The Nantucket Historic District is a National Historic Landmark District that encompasses the entire island of Nantucket, Massachusetts. The original December 13, 1966 listing on the National Register of Historic Places included only the historic downtown core and the village of Siasconset, but was expanded in 1975 to include the entire island, as well as the islands of Tuckernuck and Muskeget. At over 30,000 acres, it is the largest conventional National Historic Landmark District by area in the contiguous United States.

Much of the district was originally designated as a local historic district in 1955, making it one of the earliest historic districts in the United States, along with the Charleston Historic District in Charleston, South Carolina, the Vieux Carre Historic District in New Orleans, and the Old and Historic Alexandria District in Alexandria, Virginia. Since 1955, the Nantucket Historic District Commission has been the governing authority charged with overseeing the island's preservation.

== History ==
Nantucket is a uniquely preserved New England seaport, largely developed during the late 18th and early 19th centuries when the whaling industry dominated the town's economy. By 1774, Nantucket accounted for about sixty percent of the New England whaling fleet. In 1840, the town's population peaked at roughly 9,000. However, during the years that followed, several events occurred that resulted in a dramatic downturn in the island's fortunes. By this time, the nearby mainland port of New Bedford, Massachusetts had surpassed Nantucket as the leading whaling port in the nation. Also during this time, the formation of sand bars prevented the increasingly larger ships from entering Nantucket Harbor, forcing the industry to shift to nearby Edgartown on Martha's Vineyard. Another blow came in 1846, when a great fire destroyed much of the town's commercial center and wharves. By the end of the 19th century, when much of the country was experiencing dramatic growth, Nantucket's population had fallen to just 3,000. Thus, the existence of Nantucket's historic buildings is largely due to the island being forgotten for more than half a century, as its architecture survived through neglect. In 1894, the first preservation efforts on Nantucket occurred with a campaign to save the "Old Mill", a 1746 windmill built by Nathan Wilbur. In 1897, the mill was purchased at auction and donated to the Nantucket Historical Association. During this period, new construction began to reflect the island's historic character.

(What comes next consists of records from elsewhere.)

lemma orthogonal_projection_self_adjoint:
  "orthogonal_projection M x \<bullet> y = x \<bullet> orthogonal_projection M y"
proof -
  have "orthogonal_projection M x \<bullet> (y - orthogonal_projection M y) = 0"
    "(x - orthogonal_projection M x) \<bullet> orthogonal_projection M y = 0"
    using orthogonal_projection_in orthogonal_projection_orthogonal
    by (auto simp: orthogonal_comp_def orthogonal_def inner_commute)
  then show ?thesis
    by (simp add: inner_diff_left inner_diff_right)
qed

lemma bounded_linear_orthogonal_projection: "bounded_linear (orthogonal_projection M)"
proof (rule bounded_linear_intro[where K = 1])
  fix x y
  show "orthogonal_projection M (x + y) = orthogonal_projection M x + orthogonal_projection M y"
  proof (rule orthogonal_projection_eqI)
    show "orthogonal_projection M x + orthogonal_projection M y \<in> M"
      using orthogonal_projection_in subspace by (simp add: subspace_add)
    have "(x - orthogonal_projection M x) + (y - orthogonal_projection M y) \<in> M\<^sup>\<bottom>"
      using orthogonal_projection_orthogonal by (simp add: subspace_add subspace_orthogonal_comp)
    then show "x + y - (orthogonal_projection M x + orthogonal_projection M y) \<in> M\<^sup>\<bottom>"
      by (simp add: algebra_simps)
  qed
next
  fix r :: real and x
  show "orthogonal_projection M (r *\<^sub>R x) = r *\<^sub>R orthogonal_projection M x"
    using orthogonal_projection_in orthogonal_projection_orthogonal subspace
    by (intro orthogonal_projection_eqI)
      (auto simp: subspace_scale subspace_orthogonal_comp simp flip: scaleR_diff_right)
next
  fix x
  have "orthogonal (orthogonal_projection M x) (x - orthogonal_projection M x)"
    using orthogonal_projection_in orthogonal_projection_orthogonal
    by (auto simp: orthogonal_comp_def)
  then have "(norm x)\<^sup>2 = (norm (orthogonal_projection M x))\<^sup>2 + (norm (x - orthogonal_projection M x))\<^sup>2"
    using norm_add_Pythagorean by fastforce
  then have "(norm (orthogonal_projection M x))\<^sup>2 \<le> (norm x)\<^sup>2"
    by simp
  then have "norm (orthogonal_projection M x) \<le> norm x"
    by (rule power2_le_imp_le) simp
  then show "norm (orthogonal_projection M x) \<le> norm x * 1"
    by simp
qed

lemma orthogonal_projection_commute:
  assumes "linear q" "\<And>x y. q x \<bullet> y = x \<bullet> q y" "\<And>y. y \<in> M \<Longrightarrow> q y \<in> M"
  shows "orthogonal_projection M (q x) = q (orthogonal_projection M x)"
proof (rule orthogonal_projection_eqI)
  show "q (orthogonal_projection M x) \<in> M"
    using assms(3) orthogonal_projection_in by blast
  have "q (x - orthogonal_projection M x) \<in> M\<^sup>\<bottom>"
    using assms(2,3) orthogonal_projection_orthogonal by (rule orthogonal_comp_invariant)
  then show "q x - q (orthogonal_projection M x) \<in> M\<^sup>\<bottom>"
    using \<open>linear q\<close> by (simp add: linear_diff)
qed

end

lemma orthogonal_comp_orthogonal_comp_subset_closure:
  fixes V :: "'a::{real_inner,complete_space} set"
  assumes "subspace V"
  shows "V\<^sup>\<bottom>\<^sup>\<bottom> \<subseteq> closure V"
proof
  fix x assume x: "x \<in> V\<^sup>\<bottom>\<^sup>\<bottom>"
  let ?C = "closure V"
  have C: "subspace ?C" "closed ?C"
    using subspace_closure[OF assms] by simp_all
  let ?y = "orthogonal_projection ?C x"
  have "x - ?y \<in> ?C\<^sup>\<bottom>"
    using orthogonal_projection_orthogonal[OF C] .
  then have "x - ?y \<in> V\<^sup>\<bottom>"
    using orthogonal_comp_anti_mono[OF closure_subset] by blast
  then have "(x - ?y) \<bullet> x = 0"
    using x by (auto simp: orthogonal_comp_def orthogonal_def)
  moreover have "?y \<bullet> (x - ?y) = 0"
    using orthogonal_projection_in[OF C] \<open>x - ?y \<in> ?C\<^sup>\<bottom>\<close>
    by (auto simp: orthogonal_comp_def orthogonal_def)
  ultimately have "(x - ?y) \<bullet> (x - ?y) = 0"
    by (simp add: inner_diff_left inner_diff_right inner_commute)
  then show "x \<in> ?C"
    using orthogonal_projection_in[OF C, of x] by simp
qed

section \<open>Complex structure and resolutions of the identity\<close>

lemma orth_eq_orthogonal_comp:
  assumes "\<And>y. y \<in> V \<Longrightarrow> J y \<in> V"
  shows "orth J V = V\<^sup>\<bottom>"
  using assms by (auto simp: orth_def orthogonal_comp_def orthogonal_def inner_commute)

lemma proj_onto_eq_orthogonal_projection:
  assumes "\<And>y. y \<in> V \<Longrightarrow> J y \<in> V"
  shows "proj_onto J V = orthogonal_projection V"
  using orth_eq_orthogonal_comp[OF assms]
  by (simp add: proj_onto_def orthogonal_projection_def fun_eq_iff)

lemma complex_structure_adjoint:
  assumes "complex_structure J"
  shows "J x \<bullet> y = x \<bullet> - J y"
proof -
  have "J x \<bullet> y = J x \<bullet> J (J (- y))"
    using assms by (simp add: complex_structure_def)
  also have "\<dots> = x \<bullet> J (- y)"
    using assms unfolding complex_structure_def by blast
  also have "J (- y) = - J y"
    using assms by (simp add: complex_structure_def linear_neg)
  finally show ?thesis .
qed

lemma resolution_orthogonal:
  fixes q :: "'g \<Rightarrow> 'a::real_inner \<Rightarrow> 'a"
  assumes self_adjoint: "\<And>c x y. c \<in> I \<Longrightarrow> q c x \<bullet> y = x \<bullet> q c y"
    and idempotent: "\<And>c x. c \<in> I \<Longrightarrow> q c (q c x) = q c x"
    and resolution: "((\<lambda>c. q c m) has_sum m) I"
    and "a \<in> I" "b \<in> I" "a \<noteq> b" "q b m = m"
  shows "q a m = 0"
proof -
  have square: "q c m \<bullet> m = q c m \<bullet> q c m" if "c \<in> I" for c
    using idempotent[OF that, of m] self_adjoint[OF that, of "q c m" m] by simp
  have "((\<lambda>c. q c m \<bullet> m) has_sum (q a m \<bullet> m + q b m \<bullet> m)) {a, b}"
    using \<open>a \<noteq> b\<close> by (simp add: has_sum_finite_iff)
  moreover have "((\<lambda>c. q c m \<bullet> m) has_sum m \<bullet> m) I"
    using has_sum_bounded_linear[OF bounded_linear_inner_left resolution] .
  ultimately have "q a m \<bullet> m + q b m \<bullet> m \<le> m \<bullet> m"
  proof (rule has_sum_mono_neutral)
    show "q c m \<bullet> m \<ge> 0" if "c \<in> I - {a, b}" for c
      using square that by simp
  qed (use \<open>a \<in> I\<close> \<open>b \<in> I\<close> in auto)
  then have "q a m \<bullet> q a m \<le> 0"
    using square[OF \<open>a \<in> I\<close>] \<open>q b m = m\<close> by simp
  then have "q a m \<bullet> q a m = 0"
    using inner_ge_zero by (rule order_antisym)
  then show ?thesis
    by simp
qed

section \<open>Products of projections and joint ranges\<close>

lemma prod_op_Nil [simp]: "prod_op p [] = id"
  by (simp add: prod_op_def)

lemma prod_op_Cons [simp]: "prod_op p ((t, a) # xs) = p t a \<circ> prod_op p xs"
  by (simp add: prod_op_def)

lemma set_subset_if_mset_eq: "mset xs = mset ys \<Longrightarrow> set xs \<subseteq> X \<Longrightarrow> set ys \<subseteq> X"
  by (metis set_mset_mset)

lemma prod_op_append: "prod_op p (xs @ ys) = prod_op p xs \<circ> prod_op p ys"
  by (induction xs) (auto simp: comp_assoc)

definition joint_range :: "('s \<Rightarrow> 'g \<Rightarrow> 'a \<Rightarrow> 'a) \<Rightarrow> 's set \<Rightarrow> ('s \<Rightarrow> 'g) \<Rightarrow> 'a set" where
  "joint_range p T \<omega> = (\<Inter>t\<in>T. range (p t (\<omega> t)))"

lemma joint_range_anti_mono: "T \<subseteq> T' \<Longrightarrow> joint_range p T' \<omega> \<subseteq> joint_range p T \<omega>"
  by (auto simp: joint_range_def)

locale projection_family =
  fixes J :: "'a::{real_inner, complete_space} \<Rightarrow> 'a"
    and S :: "'s set" and \<Gamma> :: "'s \<Rightarrow> 'g set"
    and p :: "'s \<Rightarrow> 'g \<Rightarrow> 'a \<Rightarrow> 'a"
  assumes complex_structure: "complex_structure J"
    and projection: "\<And>t a. t \<in> S \<Longrightarrow> a \<in> \<Gamma> t \<Longrightarrow> is_projection J (p t a)"
    and resolution: "\<And>t \<phi>. t \<in> S \<Longrightarrow> ((\<lambda>a. p t a \<phi>) has_sum \<phi>) (\<Gamma> t)"
begin

context
  fixes t a
  assumes index: "t \<in> S" "a \<in> \<Gamma> t"
begin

The oldest buildings within the historic district date from the late 17th century. Built mostly of wood, they are utilitarian in style with little ornamentation or detail. In the period that followed the American Revolution, with the rise in whaling wealth, more ornate buildings were constructed by sea captains and merchants in the Federal style. Among these is the Second Congressional Meetinghouse, built in 1809. The most outstanding buildings are situated on Main and Orange Streets, such as the Hadwen-Wright House at 94 Main Street. Immediately following the devastating fire of 1846, the entire commercial district was rebuilt with new two and three-story brick buildings. The rebuilt area is dominated by the predominant Greek Revival style of the 1840s.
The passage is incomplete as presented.